- EXERCISE PROMPT: Give again the entries below exactly, beginning at the first line and ending at the line with "i \<notin> lex_argmin".

(Stored items)
lemma steady_state_iff:
  assumes "M > 0" and "N > 0"
  shows "steady_state h \<sigma>2 \<beta> M N a \<longleftrightarrow>
    a \<in> profiles M N \<and> (\<forall>i<M. a i \<in> lex_argmin h \<sigma>2 \<beta> M N a i)"
proof
  assume steady: "steady_state h \<sigma>2 \<beta> M N a"
  have "a i \<in> lex_argmin h \<sigma>2 \<beta> M N a i" if "i < M" for i
  proof (rule ccontr)
    assume moves: "a i \<notin> lex_argmin h \<sigma>2 \<beta> M N a i"
    define x where "x = rec_nat a (\<lambda>t y. SOME a'. mapc_step h \<sigma>2 \<beta> M N y t a')"
    have "mapc_step h \<sigma>2 \<beta> M N (x t) t (x (Suc t))" for t
      unfolding x_def by (simp, rule someI_ex[OF mapc_step_exists[OF assms(2)]])
    then have "mapc_run h \<sigma>2 \<beta> M N x a"
      by (simp add: mapc_run_def x_def)
    then have "x i = a \<and> x (Suc i) = a"
      using steady by (simp add: steady_state_def)
    with \<open>mapc_step h \<sigma>2 \<beta> M N (x i) i (x (Suc i))\<close>
    have "mapc_step h \<sigma>2 \<beta> M N a i a" by simp
    \<comment> \<open>at time i < M it is mobile i that updates\<close>
    then show False
      using moves \<open>i < M\<close> by (auto simp: mapc_step_def Let_def) (metis fun_upd_same)
  qed
  with steady show "a \<in> profiles M N \<and> (\<forall>i<M. a i \<in> lex_argmin h \<sigma>2 \<beta> M N a i)"
    by (simp add: steady_state_def)
next
  assume stable: "a \<in> profiles M N \<and> (\<forall>i<M. a i \<in> lex_argmin h \<sigma>2 \<beta> M N a i)"
  have "x t = a" if run: "mapc_run h \<sigma>2 \<beta> M N x a" for x t
  proof (induction t)
    case 0
    from run show ?case by (simp add: mapc_run_def)
  next
    case (Suc t)
    have "mapc_step h \<sigma>2 \<beta> M N (x t) t (x (Suc t))" using run by (simp add: mapc_run_def)
    with Suc stable \<open>M > 0\<close> show ?case by (simp add: mapc_step_def Let_def)
  qed
  with stable show "steady_state h \<sigma>2 \<beta> M N a"
    by (simp add: steady_state_def)
qed

lemma steady_state_imp_nash_eq:
  assumes "M > 0" and "N > 0" and "steady_state h \<sigma>2 \<beta> M N a"
  shows "nash_eq h \<sigma>2 \<beta> M N a"
proof -
  have "cost h \<sigma>2 \<beta> M a i \<le> cost h \<sigma>2 \<beta> M (a(i := k)) i" if "i < M" "k < N" for i k
    using assms that unfolding steady_state_iff[OF assms(1,2)] mem_lex_argmin_iff
    by (force simp: less_eq_prod_def)
  with assms show ?thesis
    by (simp add: nash_eq_def steady_state_def)
qed
lemma ifs_invariant_words:
  assumes inv: "ifs_invariant M C q r a" and q: "\<And>c. c \<in> C \<Longrightarrow> 0 \<le> q c"
  shows "ifs_invariant M (words C k) (\<lambda>w. prod_list (map q w)) (\<lambda>w. prod_list (map r w)) (word_shift r a)"
  unfolding ifs_invariant_def
proof (intro conjI ballI)
  show "sets M = sets borel"
    using inv by (simp add: ifs_invariant_def)
  fix A :: "real set" assume "A \<in> sets borel"
  then show "emeasure M A = (\<Sum>w\<in>words C k. ennreal (prod_list (map q w)) *
      emeasure M ((\<lambda>x. prod_list (map r w) * x + word_shift r a w) -` A))"
  proof (induction k arbitrary: A)
    case (Suc k)
    have q_words: "0 \<le> prod_list (map q w)" if "w \<in> words C k" for w
      using that unfolding words_def by (auto intro!: prod_list_nonneg q)
    have "emeasure M A = (\<Sum>c\<in>C. ennreal (q c) * emeasure M ((\<lambda>x. r c * x + a c) -` A))"
      using inv Suc.prems by (simp add: ifs_invariant_def)
    also have "\<dots> = (\<Sum>c\<in>C. \<Sum>w\<in>words C k. ennreal (q c) * ennreal (prod_list (map q w)) *
        emeasure M ((\<lambda>x. r c * (prod_list (map r w) * x + word_shift r a w) + a c) -` A))"
      using Suc.IH[OF measurable_sets_borel[OF _ Suc.prems]]
      by (simp add: sum_distrib_left vimage_comp comp_def mult.assoc)
    also have "\<dots> = (\<Sum>w\<in>words C (Suc k). ennreal (prod_list (map q w)) *
        emeasure M ((\<lambda>x. prod_list (map r w) * x + word_shift r a w) -` A))"
      using q q_words by (simp add: sum_words_Suc ennreal_mult algebra_simps)
    finally show ?case .
  qed simp
qed

lemma ifs_invariant_merge:
  assumes inv: "ifs_invariant M C q r a" and "finite C" "u \<in> C" "v \<in> C" "u \<noteq> v"
    and "r u = r v" "a u = a v" "0 \<le> q u" "0 \<le> q v"
  shows "ifs_invariant M (C - {v}) (q(u := q u + q v)) r a"
  unfolding ifs_invariant_def
proof (intro conjI ballI)
  show "sets M = sets borel"
    using inv by (simp add: ifs_invariant_def)
  fix A :: "real set" assume A: "A \<in> sets borel"
  define F where "F c = ennreal (q c) * emeasure M ((\<lambda>x. r c * x + a c) -` A)" for c
  have "emeasure M A = (\<Sum>c\<in>C. F c)"
    using inv A by (simp add: ifs_invariant_def F_def)
  also have "\<dots> = F v + (F u + (\<Sum>c\<in>C - {v} - {u}. F c))"
    using assms(2-5) by (simp add: sum.remove[of C v] sum.remove[of "C - {v}" u])
  also have "\<dots> = (\<Sum>c\<in>C - {v}. ennreal ((q(u := q u + q v)) c) * emeasure M ((\<lambda>x. r c * x + a c) -` A))"
    using assms(2-9) by (simp add: F_def sum.remove[of "C - {v}" u] ennreal_plus distrib_right add_ac)
  finally show "emeasure M A = \<dots>" .
qed

lemma sum_merge:
  fixes h :: "'a \<Rightarrow> 'c \<Rightarrow> 'b::ab_group_add"
  assumes "finite C" "u \<in> C" "v \<in> C" "u \<noteq> v"
  shows "(\<Sum>c\<in>C - {v}. h ((q(u := x)) c) c) = h x u + (\<Sum>c\<in>C. h (q c) c) - h (q u) u - h (q v) v"
proof -
  have "(\<Sum>c\<in>C. h (q c) c) = h (q v) v + (h (q u) u + (\<Sum>c\<in>C - {v} - {u}. h (q c) c))"
    using assms by (simp add: sum.remove[of C v] sum.remove[of "C - {v}" u])
  moreover have "(\<Sum>c\<in>C - {v}. h ((q(u := x)) c) c) = h x u + (\<Sum>c\<in>C - {v} - {u}. h (q c) c)"
    using assms by (simp add: sum.remove[of "C - {v}" u])
  ultimately show ?thesis
    by (simp add: algebra_simps)
qed

section \<open>Small limsup sets\<close>

lemma hausdorff_pre_le_UN:
  assumes "A \<subseteq> (\<Union>k. \<Union>i\<in>I k. U k i)" "\<And>k. finite (I k)"
    and "\<And>k i. i \<in> I k \<Longrightarrow> diameter (U k i) \<le> \<delta>" "0 \<le> \<delta>"
  shows "hausdorff_pre s \<delta> A \<le> (\<Sum>k. ennreal (\<Sum>i\<in>I k. diameter (U k i) powr s))"
proof -
  have "\<forall>k. \<exists>e. bij_betw e {0..<card (I k)} (I k)"
    using ex_bij_betw_nat_finite assms(2) by blast
  then obtain e where e: "\<And>k. bij_betw (e k) {0..<card (I k)} (I k)"
    by metis
  \<comment> \<open>A single cover indexed by \<open>nat\<close>: \<open>prod_decode\<close> enumerates the pairs \<open>(k, j)\<close>, padded with empty sets.\<close>
  define V where "V m = (case prod_decode m of (k, j) \<Rightarrow> if j < card (I k) then U k (e k j) else {})" for m
  define F where "F p = ennreal (diameter (V (prod_encode p)) powr s)" for p
  have V_encode: "V (prod_encode (k, j)) = (if j < card (I k) then U k (e k j) else {})" for k j
    by (simp add: V_def)
  have "A \<subseteq> (\<Union>m. V m)"
  proof
    fix x assume "x \<in> A"
    then obtain k i where "i \<in> I k" "x \<in> U k i"
      using assms(1) by blast
    moreover have "i \<in> e k ` {0..<card (I k)}"
      using bij_betw_imp_surj_on[OF e[of k]] \<open>i \<in> I k\<close> by simp
    then obtain j where "j < card (I k)" "e k j = i"
      by auto
    ultimately have "x \<in> V (prod_encode (k, j))"
      by (simp add: V_encode)
    then show "x \<in> (\<Union>m. V m)"
      by blast
  qed
  moreover have "diameter (V m) \<le> \<delta>" for m
  proof -
    obtain k j where kj: "prod_decode m = (k, j)"
      by (cases "prod_decode m")
    show ?thesis
    proof (cases "j < card (I k)")
      case True
      then have "e k j \<in> I k"
        using bij_betwE[OF e[of k]] by simp
      then show ?thesis
        using True assms(3) by (simp add: V_def kj)
    qed (use assms(4) in \<open>simp add: V_def kj\<close>)
  qed
  ultimately have "hausdorff_pre s \<delta> A \<le> (\<Sum>m. ennreal (diameter (V m) powr s))"
    unfolding hausdorff_pre_def by (intro INF_lower) auto
  also have "\<dots> = (\<Sum>m. F (prod_decode m))"
    by (simp add: F_def)
  also have "\<dots> = (\<Sum>k. \<Sum>j. F (k, j))"
    by (rule suminf_ennreal_2dimen) (rule refl)
  also have "\<dots> = (\<Sum>k. ennreal (\<Sum>i\<in>I k. diameter (U k i) powr s))"
  proof (rule suminf_cong)
    fix k
    have "(\<Sum>j. F (k, j)) = (\<Sum>j<card (I k). ennreal (diameter (U k (e k j)) powr s))"
      by (subst suminf_finite[of "{..<card (I k)}"]) (simp_all add: F_def V_encode)
    also have "\<dots> = (\<Sum>i\<in>I k. ennreal (diameter (U k i) powr s))"
      by (rule sum.reindex_bij_betw[OF e[of k], unfolded atLeast0LessThan])
    finally show "(\<Sum>j. F (k, j)) = ennreal (\<Sum>i\<in>I k. diameter (U k i) powr s)"
      by (simp add: sum_ennreal)
  qed
  finally show ?thesis .
qed

lemma hausdorff_measure_limsup_eq_0:
  assumes fin: "\<And>k. finite (I k)"
    and diam: "\<And>k i. i \<in> I k \<Longrightarrow> diameter (U k i) \<le> d k" and "d \<longlonglongrightarrow> 0"
    and summ: "summable (\<lambda>k. \<Sum>i\<in>I k. diameter (U k i) powr s)"
  shows "hausdorff_measure s (limsup (\<lambda>k. \<Union>i\<in>I k. U k i)) = 0"
proof -
  define f where "f k = (\<Sum>i\<in>I k. diameter (U k i) powr s)" for k
  have "hausdorff_pre s \<delta> (limsup (\<lambda>k. \<Union>i\<in>I k. U k i)) = 0" if "0 < \<delta>" for \<delta>
  proof -
    obtain N where N: "\<And>k. N \<le> k \<Longrightarrow> d k \<le> \<delta>"
      using order_tendstoD(2)[OF \<open>d \<longlonglongrightarrow> 0\<close> \<open>0 < \<delta>\<close>]
      unfolding eventually_sequentially by (meson less_imp_le)
    have "hausdorff_pre s \<delta> (limsup (\<lambda>k. \<Union>i\<in>I k. U k i)) \<le> ennreal (\<Sum>k. f (k + j))" if "N \<le> j" for j
    proof -
      have "limsup (\<lambda>k. \<Union>i\<in>I k. U k i) \<subseteq> (\<Union>k. \<Union>i\<in>I (k + j). U (k + j) i)"
      proof
        fix x assume "x \<in> limsup (\<lambda>k. \<Union>i\<in>I k. U k i)"
        then have "\<exists>m\<ge>j. x \<in> (\<Union>i\<in>I m. U m i)"
          by (auto simp: limsup_INF_SUP) (metis atLeast_iff)
        then obtain m where "j \<le> m" "x \<in> (\<Union>i\<in>I m. U m i)"
          by blast
        then show "x \<in> (\<Union>k. \<Union>i\<in>I (k + j). U (k + j) i)"
          by (intro UN_I[of "m - j"]) auto
      qed
      moreover have "diameter (U (k + j) i) \<le> \<delta>" if "i \<in> I (k + j)" for k i
        using diam[OF that] N[of "k + j"] \<open>N \<le> j\<close> by linarith
      ultimately have "hausdorff_pre s \<delta> (limsup (\<lambda>k. \<Union>i\<in>I k. U k i)) \<le> (\<Sum>k. ennreal (f (k + j)))"
        unfolding f_def using \<open>0 < \<delta>\<close> by (intro hausdorff_pre_le_UN fin) auto
      also have "\<dots> = ennreal (\<Sum>k. f (k + j))"
        using summable_ignore_initial_segment[OF summ[folded f_def], of j]
        by (intro suminf_ennreal2) (auto simp: f_def sum_nonneg)
      finally show ?thesis .
    qed
    moreover have "(\<lambda>j. ennreal (\<Sum>k. f (k + j))) \<longlonglongrightarrow> ennreal 0"
      using suminf_exist_split2[OF summ[folded f_def]] by (rule tendsto_ennrealI)
    ultimately show ?thesis
      using LIMSEQ_le_const[of _ 0 "hausdorff_pre s \<delta> (limsup (\<lambda>k. \<Union>i\<in>I k. U k i))"] by auto
  qed
  then have "(SUP \<delta>\<in>{0<..}. hausdorff_pre s \<delta> (limsup (\<lambda>k. \<Union>i\<in>I k. U k i))) = (SUP \<delta>\<in>({0<..}::real set). 0)"
    by (intro SUP_cong) auto
  then show ?thesis
    unfolding hausdorff_measure_def by simp
qed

- ANSWER BOX:
lemma steady_state_iff:
  assumes "M > 0" and "N > 0"
  shows "steady_state h \<sigma>2 \<beta> M N a \<longleftrightarrow>
    a \<in> profiles M N \<and> (\<forall>i<M. a i \<in> lex_argmin h \<sigma>2 \<beta> M N a i)"
proof
  assume steady: "steady_state h \<sigma>2 \<beta> M N a"
  have "a i \<in> lex_argmin h \<sigma>2 \<beta> M N a i" if "i < M" for i
  proof (rule ccontr)
    assume moves: "a i \<notin> lex_argmin h \<sigma>2 \<beta> M N a i"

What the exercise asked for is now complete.